text \<open>
  The Jacobi identity on the basis is equivalent to the three relations
  \<open>\<alpha>1\<beta>2 = \<beta>3\<gamma>1\<close>, \<open>\<beta>2\<gamma>3 = \<gamma>1\<alpha>2\<close>, \<open>\<alpha>1\<gamma>3 = \<alpha>2\<beta>3\<close>.
  Cyclically relabelling the basis cycles the pairs \<open>(\<alpha>1,\<beta>3)\<close>, \<open>(\<beta>2,\<gamma>1)\<close>, \<open>(\<alpha>2,\<gamma>3)\<close>;
  if one of them vanishes we may take it to be \<open>(\<alpha>1,\<beta>3)\<close>, and then \<open>L\<^sub>A\<close> already is
  \<open>L\<^sub>1(\<alpha>2,\<gamma>1,\<beta>2,\<gamma>3)\<close>. Otherwise, since \<open>\<int>\<^sub>p\<close> is an integral domain, the relations force
  \<open>\<beta>2\<gamma>3 \<noteq> 0\<close> and \<open>(\<alpha>1\<^sup>2 - \<beta>3\<^sup>2) \<beta>2\<gamma>3 = 0\<close>, so \<open>\<beta>3 = \<plusminus>\<alpha>1\<close>, and then
  \<open>\<gamma>1 = \<plusminus>\<beta>2\<close>, \<open>\<gamma>3 = \<plusminus>\<alpha>2\<close> with the same sign: \<open>L\<^sub>A\<close> is literally \<open>L\<^sub>*\<close> or \<open>L\<^sub>4\<close>.
\<close>

lemma vec3_simps [simp]:
  "vec3 a b c 0 = a" "vec3 a b c (Suc 0) = b" "vec3 a b c 2 = c"
  by (simp_all add: vec3_def numeral_2_eq_2)

lemma V3_vec3 [simp]: "vec3 a b c \<in> V3 R \<longleftrightarrow> a \<in> carrier R \<and> b \<in> carrier R \<and> c \<in> carrier R"
proof -
  have "{0..<3::nat} = {0,1,2}" by auto
  then show ?thesis by (auto simp: V3_def vec3_def PiE_def Pi_def extensional_def)
qed

lemma less_3_cases: "(k::nat) < 3 \<Longrightarrow> k = 0 \<or> k = 1 \<or> k = 2"
  by auto

lemma V3_eqI:
  assumes "v \<in> V3 R" "w \<in> V3 R" "\<And>k. k < 3 \<Longrightarrow> v k = w k"
  shows "v = w"
  using assms by (metis PiE_ext V3_def atLeastLessThan_iff)

lemma V3_mem: "v \<in> V3 R \<Longrightarrow> k < 3 \<Longrightarrow> v k \<in> carrier R"
  by (auto simp: V3_def)

lemma V3_components:
  "v \<in> V3 R \<Longrightarrow> v 0 \<in> carrier R \<and> v 1 \<in> carrier R \<and> v 2 \<in> carrier R"
  by (simp add: V3_mem)

lemma lie_iso_refl: "lie_iso R T T"
  unfolding lie_iso_def by (rule exI[of _ id]) auto

lemma lie_iso_trans:
  assumes "lie_iso R T1 T2" "lie_iso R T2 T3"
  shows "lie_iso R T1 T3"
proof -
  obtain f where f: "bij_betw f (V3 R) (V3 R)"
     "\<forall>v\<in>V3 R. \<forall>w\<in>V3 R. f (vadd R v w) = vadd R (f v) (f w)"
     "\<forall>a\<in>carrier R. \<forall>v\<in>V3 R. f (smul R a v) = smul R a (f v)"
     "\<forall>v\<in>V3 R. \<forall>w\<in>V3 R. f (br R T1 v w) = br R T2 (f v) (f w)"
    using assms(1) unfolding lie_iso_def by blast
  obtain g where g: "bij_betw g (V3 R) (V3 R)"
     "\<forall>v\<in>V3 R. \<forall>w\<in>V3 R. g (vadd R v w) = vadd R (g v) (g w)"
     "\<forall>a\<in>carrier R. \<forall>v\<in>V3 R. g (smul R a v) = smul R a (g v)"
     "\<forall>v\<in>V3 R. \<forall>w\<in>V3 R. g (br R T2 v w) = br R T3 (g v) (g w)"
    using assms(2) unfolding lie_iso_def by blast
  have "f v \<in> V3 R" if "v \<in> V3 R" for v
    using f(1) that by (auto simp: bij_betw_def)
  with f g show ?thesis
    unfolding lie_iso_def by (intro exI[of _ "g \<circ> f"]) (auto intro: bij_betw_trans)
qed

lemma br_apply:
  assumes "k < 3"
  shows "br R T v w k = (\<Oplus>\<^bsub>R\<^esub>i\<in>{0,1,2}. \<Oplus>\<^bsub>R\<^esub>j\<in>{0,1,2}. v i \<otimes>\<^bsub>R\<^esub> w j \<otimes>\<^bsub>R\<^esub> T i j k)"
proof -
  from assms have "k \<in> {0..<3}" by simp
  moreover have "{0..<3::nat} = {0,1,2}" by auto
  ultimately show ?thesis unfolding br_def by simp
qed

context cring begin

lemma br_tab:
  assumes "v \<in> V3 R" "w \<in> V3 R" "a \<in> V3 R" "b \<in> V3 R" "c \<in> V3 R" "k < 3"
  shows "br R (tab R a b c) v w k =
    (v 0 \<otimes> w 1 \<ominus> v 1 \<otimes> w 0) \<otimes> a k \<oplus> (v 1 \<otimes> w 2 \<ominus> v 2 \<otimes> w 1) \<otimes> b k
      \<oplus> (v 2 \<otimes> w 0 \<ominus> v 0 \<otimes> w 2) \<otimes> c k"
proof -
  have "tab R a b c i j k \<in> carrier R" for i j
    using assms by (auto simp: tab_def vneg_def vzero_def V3_mem)
  with assms V3_components[OF assms(1)] V3_components[OF assms(2)]
    V3_mem[OF assms(3) assms(6)] V3_mem[OF assms(4) assms(6)] V3_mem[OF assms(5) assms(6)]
  show ?thesis
    by (simp add: br_apply finsum_insert Pi_def tab_def vneg_def vzero_def) algebra
qed

lemma br_tab_closed:
  assumes "v \<in> V3 R" "w \<in> V3 R" "a \<in> V3 R" "b \<in> V3 R" "c \<in> V3 R"
  shows "br R (tab R a b c) v w \<in> V3 R"
proof -
  have "br R (tab R a b c) v w k \<in> carrier R" if "k < 3" for k
    using V3_components[OF assms(1)] V3_components[OF assms(2)] V3_mem[OF assms(3) that]
      V3_mem[OF assms(4) that] V3_mem[OF assms(5) that]
    by (simp add: br_tab[OF assms that])
  then show ?thesis by (auto simp: V3_def br_def)
qed

text \<open>The left-hand side is coordinate \<open>k\<close> of \<open>[e0,[e1,e2]] + [e1,[e2,e0]] + [e2,[e0,e1]]\<close>.\<close>

lemma tab_basis_jacobi:
  assumes lie: "is_lie R (tab R a b c)" and abc: "a \<in> V3 R" "b \<in> V3 R" "c \<in> V3 R" and "k < 3"
  shows "(b 1 \<ominus> c 0) \<otimes> a k \<oplus> (c 2 \<ominus> a 1) \<otimes> b k \<oplus> (a 0 \<ominus> b 2) \<otimes> c k = \<zero>"
proof -
  define e0 e1 e2 where "e0 = vec3 \<one> \<zero> \<zero>" and "e1 = vec3 \<zero> \<one> \<zero>" and "e2 = vec3 \<zero> \<zero> \<one>"
  have e: "e0 \<in> V3 R" "e1 \<in> V3 R" "e2 \<in> V3 R"
    by (simp_all add: e0_def e1_def e2_def)
  let ?br = "br R (tab R a b c)"
  have "vadd R (vadd R (?br e0 (?br e1 e2)) (?br e1 (?br e2 e0))) (?br e2 (?br e0 e1)) k = vzero R k"
    using lie e unfolding is_lie_def by simp
  then have jacobi: "?br e0 (?br e1 e2) k \<oplus> ?br e1 (?br e2 e0) k \<oplus> ?br e2 (?br e0 e1) k = \<zero>"
    using \<open>k < 3\<close> by (simp add: vadd_def vzero_def)
  have "(b 1 \<ominus> c 0) \<otimes> a k \<oplus> (c 2 \<ominus> a 1) \<otimes> b k \<oplus> (a 0 \<ominus> b 2) \<otimes> c k
      = ?br e0 (?br e1 e2) k \<oplus> ?br e1 (?br e2 e0) k \<oplus> ?br e2 (?br e0 e1) k"
    using abc V3_components[OF abc(1)] V3_components[OF abc(2)] V3_components[OF abc(3)]
      V3_mem[OF abc(1) \<open>k < 3\<close>] V3_mem[OF abc(2) \<open>k < 3\<close>] V3_mem[OF abc(3) \<open>k < 3\<close>]
    by (simp add: br_tab br_tab_closed e \<open>k < 3\<close>) (simp add: e0_def e1_def e2_def, algebra)
  with jacobi show ?thesis by simp
qed

lemma jacobi_relations:
  assumes lie: "is_lie R (tab R (vec3 \<alpha>1 \<alpha>2 \<zero>) (vec3 \<zero> \<beta>2 \<beta>3) (vec3 \<gamma>1 \<zero> \<gamma>3))"
    and carr: "\<alpha>1 \<in> carrier R" "\<alpha>2 \<in> carrier R" "\<beta>2 \<in> carrier R"
      "\<beta>3 \<in> carrier R" "\<gamma>1 \<in> carrier R" "\<gamma>3 \<in> carrier R"
  shows "\<alpha>1 \<otimes> \<beta>2 = \<beta>3 \<otimes> \<gamma>1" "\<beta>2 \<otimes> \<gamma>3 = \<gamma>1 \<otimes> \<alpha>2" "\<alpha>1 \<otimes> \<gamma>3 = \<alpha>2 \<otimes> \<beta>3"
proof -
  let ?J = "\<lambda>k. (\<beta>2 \<ominus> \<gamma>1) \<otimes> vec3 \<alpha>1 \<alpha>2 \<zero> k \<oplus> (\<gamma>3 \<ominus> \<alpha>2) \<otimes> vec3 \<zero> \<beta>2 \<beta>3 k
    \<oplus> (\<alpha>1 \<ominus> \<beta>3) \<otimes> vec3 \<gamma>1 \<zero> \<gamma>3 k"
  have J: "?J k = \<zero>" if "k < 3" for k
    using tab_basis_jacobi[OF lie _ _ _ that] carr by simp
  have "\<alpha>1 \<otimes> \<beta>2 = ?J 0 \<oplus> \<beta>3 \<otimes> \<gamma>1" "\<beta>2 \<otimes> \<gamma>3 = ?J 1 \<oplus> \<gamma>1 \<otimes> \<alpha>2"
    "\<alpha>1 \<otimes> \<gamma>3 = ?J 2 \<oplus> \<alpha>2 \<otimes> \<beta>3"
    using carr by (simp_all, algebra+)
  with J[of 0] J[of 1] J[of 2] carr
  show "\<alpha>1 \<otimes> \<beta>2 = \<beta>3 \<otimes> \<gamma>1" "\<beta>2 \<otimes> \<gamma>3 = \<gamma>1 \<otimes> \<alpha>2" "\<alpha>1 \<otimes> \<gamma>3 = \<alpha>2 \<otimes> \<beta>3"
    by simp_all
qed

end

definition rot :: "(nat \<Rightarrow> 'a) \<Rightarrow> nat \<Rightarrow> 'a" where
  "rot v = vec3 (v 1) (v 2) (v 0)"

lemma rot_vec3 [simp]: "rot (vec3 a b c) = vec3 b c a"
  by (simp add: rot_def)

lemma rot_V3: "v \<in> V3 R \<Longrightarrow> rot v \<in> V3 R"
  using V3_mem[of v R 0] V3_mem[of v R 1] V3_mem[of v R 2] by (simp add: rot_def)

lemma rot_rot_rot: "v \<in> V3 R \<Longrightarrow> rot (rot (rot v)) = v"
  by (rule V3_eqI[OF rot_V3[OF rot_V3[OF rot_V3]]]) (auto simp: rot_def dest: less_3_cases)

lemma rot_vadd: "rot (vadd R v w) = vadd R (rot v) (rot w)"
  by (rule extensionalityI[where A="{0..<3}"]) (auto simp: rot_def vec3_def vadd_def dest!: less_3_cases)

lemma rot_smul: "rot (smul R x v) = smul R x (rot v)"
  by (rule extensionalityI[where A="{0..<3}"]) (auto simp: rot_def vec3_def smul_def dest!: less_3_cases)

context cring begin

lemma rot_br_tab:
  assumes "a \<in> V3 R" "b \<in> V3 R" "c \<in> V3 R" and v: "v \<in> V3 R" and w: "w \<in> V3 R"
  shows "rot (br R (tab R a b c) v w) = br R (tab R (rot b) (rot c) (rot a)) (rot v) (rot w)"
proof (rule V3_eqI)
  show "rot (br R (tab R a b c) v w) \<in> V3 R" "br R (tab R (rot b) (rot c) (rot a)) (rot v) (rot w) \<in> V3 R"
    by (simp_all add: assms rot_V3 br_tab_closed)
  note carrier = V3_components[OF v] V3_components[OF w] V3_components[OF assms(1)]
    V3_components[OF assms(2)] V3_components[OF assms(3)]
  fix k :: nat assume "k < 3"
  then consider "k = 0" | "k = 1" | "k = 2" by linarith
  then show "rot (br R (tab R a b c) v w) k = br R (tab R (rot b) (rot c) (rot a)) (rot v) (rot w) k"
    by cases (use carrier in \<open>simp_all add: rot_def br_tab assms v w rot_V3, algebra+\<close>)
qed

lemma lie_iso_rot:
  assumes "a \<in> V3 R" "b \<in> V3 R" "c \<in> V3 R"
  shows "lie_iso R (tab R a b c) (tab R (rot b) (rot c) (rot a))"
proof -
  have "bij_betw rot (V3 R) (V3 R)"
    by (rule bij_betwI[where g="\<lambda>v. rot (rot v)"]) (auto simp: rot_V3 rot_rot_rot)
  then show ?thesis
    unfolding lie_iso_def using assms by (auto intro!: exI[of _ rot] simp: rot_vadd rot_smul rot_br_tab)
qed

end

### YOUR TASK
Where in the records does the word "ominus" appear? Copy each line that holds it.

### RESPONSE TO THE TASK
    (v 0 \<otimes> w 1 \<ominus> v 1 \<otimes> w 0) \<otimes> a k \<oplus> (v 1 \<otimes> w 2 \<ominus> v 2 \<otimes> w 1) \<otimes> b k
      \<oplus> (v 2 \<otimes> w 0 \<ominus> v 0 \<otimes> w 2) \<otimes> c k"
  shows "(b 1 \<ominus> c 0) \<otimes> a k \<oplus> (c 2 \<ominus> a 1) \<otimes> b k \<oplus> (a 0 \<ominus> b 2) \<otimes> c k = \<zero>"
  have "(b 1 \<ominus> c 0) \<otimes> a k \<oplus> (c 2 \<ominus> a 1) \<otimes> b k \<oplus> (a 0 \<ominus> b 2) \<otimes> c k
  let ?J = "\<lambda>k. (\<beta>2 \<ominus> \<gamma>1) \<otimes> vec3 \<alpha>1 \<alpha>2 \<zero> k \<oplus> (\<gamma>3 \<ominus> \<alpha>2) \<otimes> vec3 \<zero> \<beta>2 \<beta>3 k
    \<oplus> (\<alpha>1 \<ominus> \<beta>3) \<otimes> vec3 \<gamma>1 \<zero> \<gamma>3 k"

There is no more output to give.